I would like to use FunctionTransformer
and at the same time provide a simple API and hide the additional details. Specifically, I'd like to be able to provide a Custom_Trans
class as shown below. So, instead of trans1
, which works fine, the user should be able to use trans2
which fails at the moment:
from sklearn import preprocessing
from sklearn.pipeline import Pipeline
from sklearn import model_selection
from sklearn.linear_model import LinearRegression
from sklearn.datasets import make_regression
import numpy as np
X, y = make_regression(n_samples=100, n_features=1, noise=0.1)
def func(X, a, b):
return X[:,a:b]
class Custom_Trans(preprocessing.FunctionTransformer):
def __init__(self, ind0, ind1):
super().__init__(
func=func,
kw_args={
"a": ind0,
"b": ind1
}
)
trans1 = preprocessing.FunctionTransformer(
func=func,
kw_args={
"a": 0,
"b": 50
}
)
trans2 = Custom_Trans(0,50)
pipe1 = Pipeline(
steps=[
('custom', trans1),
('linear', LinearRegression())
]
)
pipe2 = Pipeline(
steps=[
('custom', trans2),
('linear', LinearRegression())
]
)
print(model_selection.cross_val_score(
pipe1, X, y, cv=3,)
)
print(model_selection.cross_val_score(
pipe2, X, y, cv=3,)
)
This is what I get:
[0.99999331 0.99999671 0.99999772]
...sklearn/base.py:209: FutureWarning: From version 0.24, get_params will raise an
AttributeError if a parameter cannot be retrieved as an instance attribute.
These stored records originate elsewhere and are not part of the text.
lemma conv_rho_nonneg: "0 < \<xi> \<Longrightarrow> AE x in lebesgue. 0 \<le> h x \<Longrightarrow> 0 \<le> conv (rho \<xi>) h y"
  unfolding conv_def by (intro integral_nonneg_AE) (auto elim!: eventually_mono intro: mult_nonneg_nonneg rho_nonneg)

lemma conv_rho_mono_width:
  assumes \<xi>: "0 < \<xi>" "\<xi> < \<xi>'" and h: "integrable lebesgue h" and nonneg: "AE x in lebesgue. 0 \<le> h x"
  shows "(\<xi> / \<xi>') * conv (rho \<xi>) h y \<le> conv (rho \<xi>') h y"
proof -
  have "(\<xi> / \<xi>') * conv (rho \<xi>) h y = (\<integral>x. ((\<xi> / \<xi>') * rho \<xi> (y - x)) * h x \<partial>lebesgue)"
    unfolding conv_def by (simp add: mult.assoc)
  also have "\<dots> \<le> conv (rho \<xi>') h y"
    unfolding conv_def
  proof (rule integral_mono_AE)
    show "AE x in lebesgue. (\<xi> / \<xi>') * rho \<xi> (y - x) * h x \<le> rho \<xi>' (y - x) * h x"
      using nonneg
    proof eventually_elim
      case (elim x)
      show ?case using mult_right_mono[OF rho_mono_width[OF \<xi>, of "y - x"] elim] by simp
    qed
  qed (use integrable_rho_diff_mult[OF h] in \<open>auto simp: mult.assoc\<close>)
  finally show ?thesis .
qed

text \<open>Fubini: each point mass h x is spread uniformly over an interval of length \<xi>.\<close>

lemma conv_rho_lborel:
  fixes h :: "real \<Rightarrow> real"
  assumes \<xi>: "0 < \<xi>" and h: "integrable lborel h"
  shows "integrable lborel (conv (rho \<xi>) h)" and "(\<integral>y. conv (rho \<xi>) h y \<partial>lborel) = (\<integral>x. h x \<partial>lborel)"
proof -
  have [measurable]: "h \<in> borel_measurable borel" using h by auto
  define F where "F = (\<lambda>y x. rho \<xi> (y - x) * h x)"
  have [measurable]: "case_prod F \<in> borel_measurable (lborel \<Otimes>\<^sub>M lborel)"
    unfolding F_def by measurable
  have conv_eq: "conv (rho \<xi>) h = (\<lambda>y. \<integral>x. F y x \<partial>lborel)"
    unfolding conv_def F_def by (intro ext integral_completion) measurable
  have F_y: "F y x = (h x / \<xi>) * indicator {x - \<xi>/2 .. x + \<xi>/2} y" for x y
    unfolding F_def rho_diff_eq_indicator_around_x by simp
  have "(\<integral>\<^sup>+p. ennreal (norm (case_prod F p)) \<partial>(lborel \<Otimes>\<^sub>M lborel))
      = (\<integral>\<^sup>+x. (\<integral>\<^sup>+y. ennreal (\<bar>h x\<bar> / \<xi>) * indicator {x - \<xi>/2 .. x + \<xi>/2} y \<partial>lborel) \<partial>lborel)"
    using \<xi> by (subst lborel_pair.nn_integral_snd[symmetric])
      (auto simp: F_y abs_mult indicator_def intro!: nn_integral_cong)
  also have "\<dots> = (\<integral>\<^sup>+x. ennreal (norm (h x)) \<partial>lborel)"
    using \<xi> by (intro nn_integral_cong, subst nn_integral_cmult_indicator) (auto simp: ennreal_mult[symmetric])
  also have "\<dots> < \<infinity>" using h by (simp add: integrable_iff_bounded)
  finally have F_int: "integrable (lborel \<Otimes>\<^sub>M lborel) (case_prod F)"
    by (simp add: integrable_iff_bounded)
  show "integrable lborel (conv (rho \<xi>) h)"
    unfolding conv_eq using lborel_pair.integrable_fst'[OF F_int] by simp
  have "(\<integral>y. conv (rho \<xi>) h y \<partial>lborel) = (\<integral>x. (\<integral>y. F y x \<partial>lborel) \<partial>lborel)"
    unfolding conv_eq by (rule lborel_pair.Fubini_integral[OF F_int, symmetric])
  also have "\<dots> = (\<integral>x. h x \<partial>lborel)"
    using \<xi> by (simp add: F_y)
  finally show "(\<integral>y. conv (rho \<xi>) h y \<partial>lborel) = (\<integral>x. h x \<partial>lborel)" .
qed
Previously it would return None.
warnings.warn('From version 0.24, get_params will raise an '
...
[0.99999331 0.99999671 0.99999772]
I kinda know that it's related to estimator cloning, but I don't know how to fix it. E.g this post says that
there should be no logic, not even input validation, in an estimators init. The logic should be put where the parameters are used, which is typically in fit
but in this case, I need to pass the parameters to the superclass. There is no way to put the logic in the fit()
.
What can I do?